Ve fakat Zuzu öyle hareketler yapıyor ki....
Bana bi kol kanat germe hali var. Sevmediklerini eve sokmama, giydiklerime, yediklerime karışma, her şeyi kontrol etme..
Noluyo lan?
Babam çay demlerdi sabaha karşı, o zaman karşılaşırdık, "Kızım saat kaç" diye, bu resmen posta koyuyor: Çayı unuttuysam ocakta, git bak diye mutfağa götürüyor.
Her sabah uyandırıyor beni, babam gibi, yapacağım şeyleri gösteriyor.
Reenkarnasyona inanalım mı?

28 Aralık 2012 Cuma

blue moon

Dolunay geçiyor üzerimizden, sevgili arkadaşlarım böyle diyor. Hatta bi tanesi dolunay banyosu yapmakla meşgul, neyse...
Ben baktım yukarı. Artık hava puslu, bulutlu olduğundan zar zor görülüyordu, ama orada, bizi izliyor, belli.
Yazın başka bir yerden doğuyor dolunay, tam karşımdan, dağların arasından, denizi parlata parlata... Kışın başka...
Ay burcu yengeçtir di mi, benim de ay burcum yengeç. Yangeç.
Severim Yengeçleri. Bir tanesiyle evlendim. Bir başkasına ölesiye aşık oldum.
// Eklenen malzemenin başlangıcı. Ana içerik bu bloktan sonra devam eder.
lemma eval_y_R_mul:
  assumes "0 < s" "0 < l" "v ^ l = \<beta>"
  shows "eval_y s l (R_mul s l \<alpha> \<beta> c d) v
    = (eval_y s l c v * eval_y s l d v) mod (monom 1 s - [:\<alpha>:])"
proof -
  let ?A = "{..<s} \<times> {..<l} \<times> {..<s} \<times> {..<l}"
  define K where "K = (\<lambda>(a, b, a', b'). c a b * d a' b')"
  define ex where "ex = (\<lambda>(a::nat, b::nat, a', b'::nat). a + a')"
  define ey where "ey = (\<lambda>(a::nat, b::nat, a'::nat, b'). b + b')"
  have "eval_y s l (R_mul s l \<alpha> \<beta> c d) v
      = (\<Sum>z\<in>?A. monom (K z * v ^ ey z) (ex z)) mod (monom 1 s - [:\<alpha>:])"
    by (rule eval_y_reduce[OF _ assms])
      (auto simp: R_mul_def K_def ex_def ey_def sum.cartesian_product ac_simps intro!: sum.cong)
  also have "(\<Sum>z\<in>?A. monom (K z * v ^ ey z) (ex z)) = eval_y s l c v * eval_y s l d v"
  proof -
    have eval: "eval_y s l c v = (\<Sum>a<s. \<Sum>b<l. monom (c a b * v ^ b) a)" for c
      by (simp add: eval_y_def monom_sum)
    show ?thesis
      unfolding eval sum_distrib_right unfolding sum_distrib_left
      by (simp add: sum.cartesian_product K_def ex_def ey_def mult_monom power_add ac_simps case_prod_unfold)
  qed
  finally show ?thesis .
qed

section \<open>Orthogonal node sets\<close>

(* The Vandermonde matrices V_sigma, V_tau of the nodes satisfy V_sigma * V_tau^T = L * I, so the
   substitutions y := sigma m, m < l, determine an element of R. *)
definition orthogonal_nodes :: "nat \<Rightarrow> (nat \<Rightarrow> 'a::field) \<Rightarrow> (nat \<Rightarrow> 'a) \<Rightarrow> 'a \<Rightarrow> bool" where
  "orthogonal_nodes l \<sigma> \<tau> L \<longleftrightarrow>
     (\<forall>a<l. \<forall>b<l. (\<Sum>m<l. \<sigma> m ^ a * \<tau> m ^ b) = (if a = b then L else 0))"

lemma orthogonal_nodes_commute: "orthogonal_nodes l \<sigma> \<tau> L \<Longrightarrow> orthogonal_nodes l \<tau> \<sigma> L"
  unfolding orthogonal_nodes_def by (simp add: mult.commute eq_commute[of _ "_ :: nat"])

lemma sum_coeff_eval_y_nodes:
  assumes "c \<in> R_carrier s l" "orthogonal_nodes l \<sigma> \<tau> L" "j < l"
  shows "(\<Sum>m<l. coeff (eval_y s l c (\<sigma> m)) i * \<tau> m ^ j) = L * c i j"
proof (cases "i < s")
  case True
  have "(\<Sum>m<l. coeff (eval_y s l c (\<sigma> m)) i * \<tau> m ^ j)
      = (\<Sum>m<l. \<Sum>j'<l. c i j' * (\<sigma> m ^ j' * \<tau> m ^ j))"
    using True by (simp add: coeff_eval_y sum_distrib_left sum_distrib_right ac_simps)
  also have "\<dots> = (\<Sum>j'<l. c i j' * (\<Sum>m<l. \<sigma> m ^ j' * \<tau> m ^ j))"
    by (subst sum.swap) (simp add: sum_distrib_left)
  also have "\<dots> = (\<Sum>j'<l. c i j' * (if j' = j then L else 0))"
    using assms(2,3) unfolding orthogonal_nodes_def by (intro sum.cong refl) auto
  finally show ?thesis
    using assms(3) by (simp add: if_distrib ac_simps cong: if_cong)
next
  case False
  then show ?thesis
    using assms(1) by (simp add: coeff_eval_y R_carrier_def)
qed

lemma R_eqI_eval_y_nodes:
  assumes c: "c \<in> R_carrier s l" and d: "d \<in> R_carrier s l"
    and nodes: "orthogonal_nodes l \<sigma> \<tau> L" "L \<noteq> 0"
    and eq: "\<And>m. m < l \<Longrightarrow> eval_y s l c (\<sigma> m) = eval_y s l d (\<sigma> m)"
  shows "c = d"
proof (intro ext)
  fix i j
  show "c i j = d i j"
  proof (cases "j < l")
    case True
    have "(\<Sum>m<l. coeff (eval_y s l c (\<sigma> m)) i * \<tau> m ^ j)
        = (\<Sum>m<l. coeff (eval_y s l d (\<sigma> m)) i * \<tau> m ^ j)"
      by (simp add: eq)
    then have "L * c i j = L * d i j"
      using sum_coeff_eval_y_nodes[OF c nodes(1) True] sum_coeff_eval_y_nodes[OF d nodes(1) True]
      by simp
    then show ?thesis
      using nodes(2) by simp
  next
    case False
    then show ?thesis
      using c d by (simp add: R_carrier_def)
  qed
qed

lemma R_inner_eq_sum_poly_inner:
  assumes c: "c \<in> R_carrier s l" and d: "d \<in> R_carrier s l"
    and nodes: "orthogonal_nodes l \<sigma> \<tau> L" "L \<noteq> 0"
  shows "R_inner s l c d
    = inverse L * (\<Sum>m<l. poly_inner s (eval_y s l c (\<sigma> m)) (eval_y s l d (\<tau> m)))"
proof -
  have "(\<Sum>m<l. poly_inner s (eval_y s l c (\<sigma> m)) (eval_y s l d (\<tau> m)))
      = (\<Sum>m<l. \<Sum>i<s. \<Sum>j<l. d i j * (coeff (eval_y s l c (\<sigma> m)) i * \<tau> m ^ j))"
    by (intro sum.cong refl) (simp add: poly_inner_def coeff_eval_y sum_distrib_left ac_simps)
  also have "\<dots> = (\<Sum>i<s. \<Sum>j<l. \<Sum>m<l. d i j * (coeff (eval_y s l c (\<sigma> m)) i * \<tau> m ^ j))"
    by (subst sum.swap) (intro sum.cong refl sum.swap)
  also have "\<dots> = (\<Sum>i<s. \<Sum>j<l. d i j * (\<Sum>m<l. coeff (eval_y s l c (\<sigma> m)) i * \<tau> m ^ j))"
    by (simp add: sum_distrib_left)
  also have "\<dots> = L * R_inner s l c d"
    using sum_coeff_eval_y_nodes[OF c nodes(1)]
    by (simp add: R_inner_def sum_distrib_left ac_simps)
  finally show ?thesis
    using nodes(2) by simp
qed

lemma sum_geometric_nodes_power:
  fixes c z :: "'a::field"
  assumes "z ^ d \<noteq> 1" "(z ^ d) ^ l = 1"
  shows "(\<Sum>m<l. (c * z ^ m) ^ d) = 0"
proof -
  have "(\<Sum>m<l. (c * z ^ m) ^ d) = c ^ d * (\<Sum>m<l. (z ^ d) ^ m)"
    by (simp add: sum_distrib_left power_mult_distrib flip: power_mult add: mult.commute)
  also have "\<dots> = 0"
    using assms by (simp add: geometric_sum)
  finally show ?thesis .
qed

lemma orthogonal_nodes_inverse:
  fixes \<sigma> \<tau> :: "nat \<Rightarrow> 'a::field"
  assumes inverse: "\<And>m. \<sigma> m * \<tau> m = 1"
    and sum_\<sigma>: "\<And>d. 0 < d \<Longrightarrow> d < l \<Longrightarrow> (\<Sum>m<l. \<sigma> m ^ d) = 0"
    and sum_\<tau>: "\<And>d. 0 < d \<Longrightarrow> d < l \<Longrightarrow> (\<Sum>m<l. \<tau> m ^ d) = 0"
  shows "orthogonal_nodes l \<sigma> \<tau> (of_nat l)"
  unfolding orthogonal_nodes_def
proof (intro allI impI)
  fix a b
  assume "a < l" "b < l"
  have cancel: "x ^ (k + n) * y ^ k = x ^ n" if "x * y = 1" for x y :: 'a and k n
  proof -
    have "x ^ (k + n) * y ^ k = x ^ n * (x * y) ^ k"
      by (simp add: power_add power_mult_distrib ac_simps)
    then show ?thesis
      using that by simp
  qed
  consider "a = b" | "b < a" | "a < b"
    by linarith
  then show "(\<Sum>m<l. \<sigma> m ^ a * \<tau> m ^ b) = (if a = b then of_nat l else 0)"
  proof cases
    case 1
    then show ?thesis
      using cancel[OF inverse, where k = b and n = 0] by simp
  next
    case 2
    then have "\<sigma> m ^ a * \<tau> m ^ b = \<sigma> m ^ (a - b)" for m
      using cancel[OF inverse, where k = b and n = "a - b"] by simp
    then show ?thesis
      using 2 \<open>a < l\<close> sum_\<sigma>[of "a - b"] by simp
  next
    case 3
    have inverse': "\<tau> m * \<sigma> m = 1" for m
      using inverse[of m] by (simp add: mult.commute)
    have "\<sigma> m ^ a * \<tau> m ^ b = \<tau> m ^ (b - a)" for m
      using 3 cancel[OF inverse', where k = a and n = "b - a"] by (simp add: mult.commute)
    then show ?thesis
      using 3 \<open>b < l\<close> sum_\<tau>[of "b - a"] by simp
  qed
qed

lemma poly_lagrange_basis:
  fixes x :: "nat \<Rightarrow> 'a::field"
  assumes "inj_on x {0..<l}" "k < l" "m < l"
  shows "poly (\<Prod>j\<in>{0..<l} - {k}. smult (inverse (x k - x j)) [:- x j, 1:]) (x m)
    = (if k = m then 1 else 0)"
proof (cases "k = m")
  case True
  have "poly (smult (inverse (x k - x j)) [:- x j, 1:]) (x k) = 1" if "j \<in> {0..<l} - {k}" for j
  proof -
    have "x k - x j \<noteq> 0"
      using that assms(1,2) by (auto simp: inj_on_eq_iff)
    moreover have "poly (smult (inverse (x k - x j)) [:- x j, 1:]) (x k) = inverse (x k - x j) * (x k - x j)"
      by (simp add: algebra_simps)
    ultimately show ?thesis
      by simp
  qed
  then show ?thesis
    using True by (simp add: poly_prod)
next
  case False
  then show ?thesis
    using assms(3) by (auto simp: poly_prod prod_zero_iff intro!: bexI[of _ m])
qed

section \<open>Reciprocal duality modulo x^s - alpha\<close>

lemma smult_sum_right: "smult c (\<Sum>x\<in>A. f x) = (\<Sum>x\<in>A. smult c (f x))"
  by (induction A rule: infinite_finite_induct) (simp_all add: smult_add_right)

lemma poly_inner_eq_coeff_mult_reflect_poly:
  "degree g < n \<Longrightarrow> poly_inner n f g = coeff (f * reflect_poly g) (degree g)"
  unfolding poly_inner_def coeff_mult
  by (rule sum.mono_neutral_cong_right) (auto simp: coeff_reflect_poly coeff_eq_0)

lemma poly_inner_diff_right: "poly_inner n f (g - h) = poly_inner n f g - poly_inner n f h"
  by (simp add: poly_inner_def algebra_simps sum_subtractf)

lemma poly_inner_monom_mult_left:
  fixes f g :: "'a::comm_ring_1 poly"
  assumes "degree g = k" "k < n"
  shows "poly_inner n (monom 1 k * f) g = coeff f 0 * coeff g k"
proof -
  have "coeff (monom 1 k * f) i * coeff g i = (if i = k then coeff f 0 * coeff g k else 0)" for i
    using assms(1) by (auto simp: coeff_monom_mult coeff_eq_0)
  then show ?thesis
    using assms(2) by (simp add: poly_inner_def)
qed

lemma reflect_poly_binomial:
  fixes \<alpha> :: "'a::field"
  assumes "0 < s" "\<alpha> * \<alpha> = 1"
  shows "reflect_poly (monom 1 s - [:\<alpha>:]) = smult (- \<alpha>) (monom 1 s - [:\<alpha>:])"
proof (rule poly_eqI)
  have coeff: "coeff (monom (1::'a) s - [:\<alpha>:]) n = (if n = s then 1 else 0) - (if n = 0 then \<alpha> else 0)" for n
    by (cases n) (auto simp: coeff_monom)
  show "coeff (reflect_poly (monom 1 s - [:\<alpha>:])) n = coeff (smult (- \<alpha>) (monom 1 s - [:\<alpha>:])) n" for n
    unfolding coeff_reflect_poly degree_binomial[OF assms(1)] coeff_smult coeff using assms by auto
qed

context
  fixes s :: nat and \<alpha> :: "'a::field" and p h :: "'a poly"
  assumes s: "0 < s" and \<alpha>: "\<alpha> \<noteq> 0" and factor: "p * h = monom 1 s - [:\<alpha>:]"
begin

lemma binomial_factors_nonzero: "p \<noteq> 0" "h \<noteq> 0"
proof -
  have "monom 1 s - [:\<alpha>:] \<noteq> 0"
    using degree_binomial[OF s, of \<alpha>] s by auto
  then show "p \<noteq> 0" "h \<noteq> 0"
    using factor by auto
qed

lemma coeff_0_binomial_factors: "coeff p 0 \<noteq> 0" "coeff h 0 \<noteq> 0"
proof -
  have "coeff p 0 * coeff h 0 = - \<alpha>"
    using arg_cong[OF factor, of "\<lambda>f. coeff f 0"] s by (simp add: coeff_mult coeff_monom)
  then show "coeff p 0 \<noteq> 0" "coeff h 0 \<noteq> 0"
    using \<alpha> by auto
qed

lemma degree_binomial_factors: "degree p + degree h = s"
  using degree_mult_eq[OF binomial_factors_nonzero] factor degree_binomial[OF s, of \<alpha>] by simp

lemma degree_reflect_binomial_factor: "degree (reflect_poly h) = degree h"
  using coeff_0_binomial_factors(2) by simp

lemma reflect_binomial_factor_dvd:
  assumes "\<alpha> * \<alpha> = 1"
  shows "reflect_poly h dvd monom 1 s - [:\<alpha>:]"
proof -
  have "smult (- \<alpha>) (reflect_poly p * reflect_poly h) = monom 1 s - [:\<alpha>:]"
    using reflect_poly_binomial[OF s assms] assms by (simp flip: factor reflect_poly_mult)
  then show ?thesis
    by (metis dvd_smult dvd_triv_right)
qed

(* The pairing is the coefficient of x^N, N = degree f + degree h, in g * reflect f * (x^s - alpha),
   and g * reflect f has degree < N. *)
lemma poly_inner_multiple_reflect_eq_0:
  assumes g: "degree (g * p) < s" and f: "degree (f * reflect_poly h) < s"
  shows "poly_inner s (g * p) (f * reflect_poly h) = 0"
proof (cases "g = 0 \<or> f = 0")
  case False
  let ?N = "degree (f * reflect_poly h)"
  let ?Z = "g * reflect_poly f"
  have "reflect_poly (f * reflect_poly h) = reflect_poly f * h"
    using coeff_0_binomial_factors(2) by (simp add: reflect_poly_mult)
  then have "g * p * reflect_poly (f * reflect_poly h) = ?Z * (p * h)"
    by (simp add: ac_simps)
  also have "\<dots> = ?Z * monom 1 s - smult \<alpha> ?Z"
    by (simp add: factor right_diff_distrib)
  finally have product: "g * p * reflect_poly (f * reflect_poly h) = \<dots>" .
  have N: "?N = degree f + degree h"
    using False binomial_factors_nonzero degree_mult_eq[of f "reflect_poly h"]
    by (simp add: degree_reflect_binomial_factor)
  have "degree g < degree h"
    using False g degree_mult_eq[of g p] binomial_factors_nonzero degree_binomial_factors by simp
  then have "degree ?Z < ?N"
    using N degree_mult_le[of g "reflect_poly f"] degree_reflect_poly_le[of f] by linarith
  then have "coeff ?Z ?N = 0" "coeff (?Z * monom 1 s) ?N = 0"
    using f by (simp_all add: coeff_eq_0 mult.commute[of ?Z] coeff_monom_mult)
  then show ?thesis
    using f by (simp add: poly_inner_eq_coeff_mult_reflect_poly product)
qed (auto simp: poly_inner_def)

lemma reflect_dvd_if_orthogonal:
  assumes E: "degree E < s"
    and orth: "\<And>g. degree (g * p) < s \<Longrightarrow> poly_inner s (g * p) E = 0"
  shows "reflect_poly h dvd E"
proof (rule ccontr)
  let ?Q = "reflect_poly h"
  let ?R = "E mod ?Q"
  let ?g = "monom 1 (degree ?R)"
  assume "\<not> ?Q dvd E"
  then have R: "?R \<noteq> 0"
    by (simp add: dvd_eq_mod_eq_0)
  then have "degree ?R < degree h"
    using degree_mod_less'[of ?Q E] binomial_factors_nonzero by (simp add: degree_reflect_binomial_factor)
  then have deg_g: "degree (?g * p) < s" and deg_R: "degree ?R < s"
    using degree_binomial_factors binomial_factors_nonzero
    by (simp_all add: degree_mult_eq degree_monom_eq)
  have "degree (E div ?Q * ?Q) < s"
    using degree_diff_less[OF E deg_R] by (simp add: minus_mod_eq_div_mult)
  then have "poly_inner s (?g * p) ?R = 0"
    using orth[OF deg_g] poly_inner_multiple_reflect_eq_0[OF deg_g]
    by (simp add: poly_inner_diff_right flip: minus_div_mult_eq_mod)
  moreover have "poly_inner s (?g * p) ?R = coeff p 0 * lead_coeff ?R"
    using deg_R by (simp add: poly_inner_monom_mult_left)
  ultimately show False
    using R coeff_0_binomial_factors(1) by simp
qed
Öteki benim kariyerimi belirledi, vs...
Başıma bela olmuşlardır yani biraz da. Ama elimden tutmuşlardır, anlamışlar, sevmişlerdir; ki bir Akrep için anlaşılmak yeterince iyidir, inanın...
Belki dolunaydan, belki yıl bitiyor filan falandan, belki yalnızlıktan; aklıma düştü hepsi.
Şu dolunay bir geçsin.........

believe

Siz bir şeye inanıyor musunuz hala?
Sahiden..
Hani böyle çakırkeyif eve dönmektesindir, yanına tanımadığın biri ilişir sen ona bile inanırsın ya...
O bile yok di mi..
"Ama bizim şahane teknolojimiz, astropsişiksportif aktivitelerimiz var."
Can dostumuz Çomar uykuda, üzgünüm.
Ben de salak gibi hayvan zımbırtılarına destek veriyorum misal; hayvan bir gün ev buluyor, ertesi gün kapı dışarı ediliyor.
Ne lan bu?
Hayır, ben böyle dünyada yaşamayı reddediyorum, diyecem, geç kaldım.
Ya, geçen gün denk geldim; Fatma Girik-Tarık Akan-Münir Özkul filminde Sezercik hepsini ikna ediyordu da, hastaneye köpek dahi giriyordu. Sigara içiliyordu serbest. Ne uzak, di mi?
Amaaan, yine çişli bağladık.. Neyse..

27 Aralık 2012 Perşembe

mighty 91's

İyi dayandık be usta.
7 yıl. Dip dibe. Bazen tatlı tatlı tatlı bazen boğaz boğaza...
Sevgili eski komşum Deniz Aktosun'un derslerden birinde zikrettiği üzere; ya rehberlikti ya Suzan Hanım, ne fark eder, "en çok zamanı birbirimizle geçirdik, ailemizden çok, ondan bundan çok, 7 yıl boyunca..."
Beraber Dead Poets Society'lere gittik, Debbage'imiz için başkaldırdık, lunch'larda bacaklarımızı uzatıp karşılıklı banklara, birbirimize hayatlarımızı anlattık, gerekirse kırdık kırılmaz Üsküdar Amerikan'ı, Bağ Pastanesi'nde, Beyoğlu'nda fink attık...
Linder'a karşı çıktık yahu! Yürek ister.
Bastık "örrtmenler odası"nı, mezun olduktan sonra bile neredeyse 'detention' aldık...
Ben hayatımın çok güzel bir bölümünü geçirdim o okulda. Çok güzel insanlarlaydım çünkü. Onlarla büyüdüm. Pek çok şeyi orada öğrendim. Kucağımda Tozlu'yla -kedi- Nükhet Hanım'ın coğrafya dersinde bile oturdum.
Nuran'ın matematik öğretmenini mahkemeye davet etmesine tanık oldum. ("See you in court!, yürü be!)
Ophelia oldum, Serçe'ci oldum, belki gazeteci olmaya da orada karar verdim.
Şimdi herbirimiz ne olduysak olduk, kimimiz anne oldu, ama herkes memnun galiba neticeden: Daha iyi bir 7 yıl geçemezdi.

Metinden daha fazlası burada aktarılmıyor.